13 maja 2013, 21:50
Witajcie :) Chciałam sie Was zapytać jakie są Wasze opinie dotyczące stosunku przerywanego? Wiem, że to żadna metoda antykoncepcyjna, ale wiele osób jakoś sobie radzi. Mam faceta, który ma 22 i jakieś tam doświadczenie, świetnie siebie kontroluję, potrafi uprawiać seks naprawdę długo i ufam mu. Ale czy jest sens ryzykować? Do tej pory kochaliśmy sie jedynie z prezerwatywą, nie chcę w wieku 18 zacząć brać tabletek ale nie chcę też zajść w ciąże. Wiem, ze dla niego stosunek przerywany bez prezerwatywy byłby przyjemniejszy, bo sam wspomina, że 'chciałby mnie czuć, bo mnie kocha i pożąda' ale też nie naciska na nic. Mnie to dopadło z samej siebie i jestem ciekawa co o tym myślicie. Jstem młoda, niedoświadczona, on jest moim pierwszym partnerem, ja jego 3 partnerką. I nawet jeśli bym z nim wpadła to tragedii by nie było, bo chłopak jest 'ogarnięty', jestem z nim szczęśliwa. Ale w sumie odbiegam od tematu. Co sądzicie o stosunku przerywanym? :> Stosuje któraś z Was? skuteczny? :)
- Dołączył: 2011-08-05
- Miasto: Toruń
- Liczba postów: 2752
13 maja 2013, 23:32
Mam 25 lat i nigdy ta metoda nie zawiodła (ale ciii) :D Jak zajdę to się ucieszę :p No chyba, że jestem bezpłodna ;p
Edytowany przez Nualka 13 maja 2013, 23:32
- Dołączył: 2010-03-11
- Miasto: Gdańsk
- Liczba postów: 15090
13 maja 2013, 23:32
Żadna metoda antykoncepcji to nie jest. Jesteś młoda i nie bądź głupia- jest starszy, moze CI imponuje, ale proszę Cię- myśl o sobie.
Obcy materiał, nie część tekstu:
text \<open>Reversal combined with complementation maps 213-avoiders bijectively onto 132-avoiders,
  keeps descents, and turns admissible inversions into star admissible ones and double descents into
  star double descents; this gives the first and the last identity.

  For the middle one, a 213-avoider of length a+b+1 is uniquely the entry 1 at position a+1,
  preceded by a 213-avoider on the a largest values and followed by a 213-avoider on the values
  2..b+1. Under this decomposition des, dd and adi are additive up to explicit corrections, so the
  (des, adi)-polynomial of 213-avoiders and the gamma-weighted sum on the right both satisfy
  F(n+1) = (1+t) F(n) + \<Sum>a=1..n-1. t q^(a(n-a)+a) F(a) F(n-a) with F(0) = F(1) = 1.\<close>

section \<open>Patterns of length three\<close>

lemma contains_pattern_length3:
  "contains_pattern [x, y, z] n p \<longleftrightarrow>
    (\<exists>i j k. 1 \<le> i \<and> i < j \<and> j < k \<and> k \<le> n \<and>
      (x < y \<longleftrightarrow> p i < p j) \<and> (y < x \<longleftrightarrow> p j < p i) \<and>
      (x < z \<longleftrightarrow> p i < p k) \<and> (z < x \<longleftrightarrow> p k < p i) \<and>
      (y < z \<longleftrightarrow> p j < p k) \<and> (z < y \<longleftrightarrow> p k < p j))"
    (is "?lhs \<longleftrightarrow> ?rhs")
proof
  assume ?lhs
  then obtain idx where mono: "strict_mono_on {0..<3} idx" and range: "\<forall>k<3. idx k \<in> {1..n}"
    and order: "\<forall>a<3. \<forall>b<3. ([x, y, z] ! a < [x, y, z] ! b \<longleftrightarrow> p (idx a) < p (idx b))"
    unfolding contains_pattern_def by (auto simp: numeral_3_eq_3)
  have "idx 0 < idx 1" "idx 1 < idx 2"
    using mono by (simp_all add: strict_mono_on_def)
  moreover have "1 \<le> idx 0" "idx 2 \<le> n"
    using range by simp_all
  moreover note order[rule_format, of 0 1] order[rule_format, of 1 0] order[rule_format, of 0 2]
    order[rule_format, of 2 0] order[rule_format, of 1 2] order[rule_format, of 2 1]
  ultimately show ?rhs
    by (intro exI[of _ "idx 0"] exI[of _ "idx 1"] exI[of _ "idx 2"]) simp
next
  assume ?rhs
  then obtain i j k where ijk: "1 \<le> i" "i < j" "j < k" "k \<le> n"
    and order: "(x < y \<longleftrightarrow> p i < p j)" "(y < x \<longleftrightarrow> p j < p i)" "(x < z \<longleftrightarrow> p i < p k)"
      "(z < x \<longleftrightarrow> p k < p i)" "(y < z \<longleftrightarrow> p j < p k)" "(z < y \<longleftrightarrow> p k < p j)"
    by blast
  let ?idx = "\<lambda>m::nat. if m = 0 then i else if m = 1 then j else k"
  have "strict_mono_on {0..<3} ?idx"
    using ijk by (auto simp: strict_mono_on_def numeral_3_eq_3 less_Suc_eq)
  moreover have "\<forall>m<3. ?idx m \<in> {1..n}"
    using ijk by (simp add: numeral_3_eq_3 less_Suc_eq)
  moreover have "\<forall>a<3. \<forall>b<3. ([x, y, z] ! a < [x, y, z] ! b \<longleftrightarrow> p (?idx a) < p (?idx b))"
    using order by (simp add: numeral_3_eq_3 less_Suc_eq all_conj_distrib)
  ultimately show ?lhs
    unfolding contains_pattern_def by (intro exI[of _ ?idx]) (simp add: numeral_3_eq_3)
qed

lemma contains_213_iff:
  "contains_pattern [2,1,3] n p \<longleftrightarrow>
    (\<exists>i j k. 1 \<le> i \<and> i < j \<and> j < k \<and> k \<le> n \<and> p j < p i \<and> p i < p k)"
  unfolding contains_pattern_length3 by (intro ex_cong1) (auto dest: less_trans)

lemma contains_132_iff:
  "contains_pattern [1,3,2] n p \<longleftrightarrow>
    (\<exists>i j k. 1 \<le> i \<and> i < j \<and> j < k \<and> k \<le> n \<and> p i < p k \<and> p k < p j)"
  unfolding contains_pattern_length3 by (intro ex_cong1) (auto dest: less_trans)

section \<open>Reverse complement\<close>

lemma card_eq_by_involution:
  assumes "A \<subseteq> D" "B \<subseteq> D"
    and "\<And>x. x \<in> D \<Longrightarrow> f x \<in> D" "\<And>x. x \<in> D \<Longrightarrow> f (f x) = x"
    and "\<And>x. x \<in> D \<Longrightarrow> x \<in> B \<longleftrightarrow> f x \<in> A"
  shows "card A = card B"
proof -
  have "bij_betw f B A"
  proof (rule bij_betw_byWitness[of _ f])
    show "\<forall>x\<in>B. f (f x) = x" "\<forall>y\<in>A. f (f y) = y"
      using assms(1,2,4) by blast+
    show "f ` B \<subseteq> A"
      using assms(2,5) by blast
    show "f ` A \<subseteq> B"
    proof
      fix y assume "y \<in> f ` A"
      then obtain x where "x \<in> A" "y = f x" by blast
      then show "y \<in> B"
        using assms(1,3,4) assms(5)[of "f x"] by auto
    qed
  qed
  then show ?thesis
    by (simp add: bij_betw_same_card)
qed

lemma ex_between_reflect:
  assumes "j \<le> Suc n"
  shows "(\<exists>l. i < l \<and> l < j \<and> P (Suc n - l)) \<longleftrightarrow> (\<exists>l. Suc n - j < l \<and> l < Suc n - i \<and> P l)"
proof
  assume "\<exists>l. i < l \<and> l < j \<and> P (Suc n - l)"
  then obtain l where "i < l" "l < j" "P (Suc n - l)" by blast
  then show "\<exists>l. Suc n - j < l \<and> l < Suc n - i \<and> P l"
    using assms by (intro exI[of _ "Suc n - l"]) auto
next
  assume "\<exists>l. Suc n - j < l \<and> l < Suc n - i \<and> P l"
  then obtain l where "Suc n - j < l" "l < Suc n - i" "P l" by blast
  then show "\<exists>l. i < l \<and> l < j \<and> P (Suc n - l)"
    by (intro exI[of _ "Suc n - l"]) auto
qed

definition mirror :: "nat \<Rightarrow> nat \<Rightarrow> nat" where
  "mirror n i = (if i \<in> {1..n} then Suc n - i else i)"

definition reverse_complement :: "nat \<Rightarrow> (nat \<Rightarrow> nat) \<Rightarrow> nat \<Rightarrow> nat" where
  "reverse_complement n p = mirror n \<circ> p \<circ> mirror n"

lemma mirror_mirror [simp]: "mirror n (mirror n i) = i"
  by (auto simp: mirror_def)

lemma mirror_permutes: "mirror n permutes {1..n}"
  by (rule bij_imp_permutes, rule bij_betw_byWitness[of _ "mirror n"]) (auto simp: mirror_def)

lemma reverse_complement_permutes:
  "p permutes {1..n} \<Longrightarrow> reverse_complement n p permutes {1..n}"
  unfolding reverse_complement_def by (intro permutes_compose mirror_permutes)

lemma reverse_complement_involution [simp]:
  "reverse_complement n (reverse_complement n p) = p"
  by (simp add: reverse_complement_def fun_eq_iff)

context
  fixes n :: nat and p :: "nat \<Rightarrow> nat"
  assumes p: "p permutes {1..n}"
begin

lemma mirrored_value_bounds:
  "1 \<le> i \<Longrightarrow> i \<le> n \<Longrightarrow> 1 \<le> p (Suc n - i) \<and> p (Suc n - i) \<le> n"
  by (rule permutes_in_seg[OF p]) auto

lemma reverse_complement_apply:
  "1 \<le> i \<Longrightarrow> i \<le> n \<Longrightarrow> reverse_complement n p i = Suc n - p (Suc n - i)"
  using mirrored_value_bounds[of i] by (simp add: reverse_complement_def mirror_def)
Chyba, że jesteście już razem długo, nie zamierzasz się dalej uczyć, wiesz że on myśli o Was bardzo poważnie i chce miec już dziecko- wtedy możesz sobie pozwolić na stosunek przerywany.
- Dołączył: 2008-03-27
- Miasto: Sweetfarm
- Liczba postów: 1754
13 maja 2013, 23:55
jestesmy na etapie bedzie to bedzie wiec sie nie zabezpieczamy ale jak juz to przerywa duzo wczesniej i ja mu pomagam dojsc niz przed samym wytrykiem wiec chyba szans nie ma
- Dołączył: 2013-02-04
- Miasto: Gdańsk
- Liczba postów: 66
14 maja 2013, 00:18
A ja tam z V. zawsze bez zabezpieczenia, a nawet we mnie kończy, gdy mam dni niepłodne
![]()
I żadne dziecko się nie szykuje, a jesteśmy ze sobą prawie pół roku, kochamy się co najmniej 10 razy w tygodniu ( niestety, bo moja praca nas ogranicza w częstszych spotkaniach )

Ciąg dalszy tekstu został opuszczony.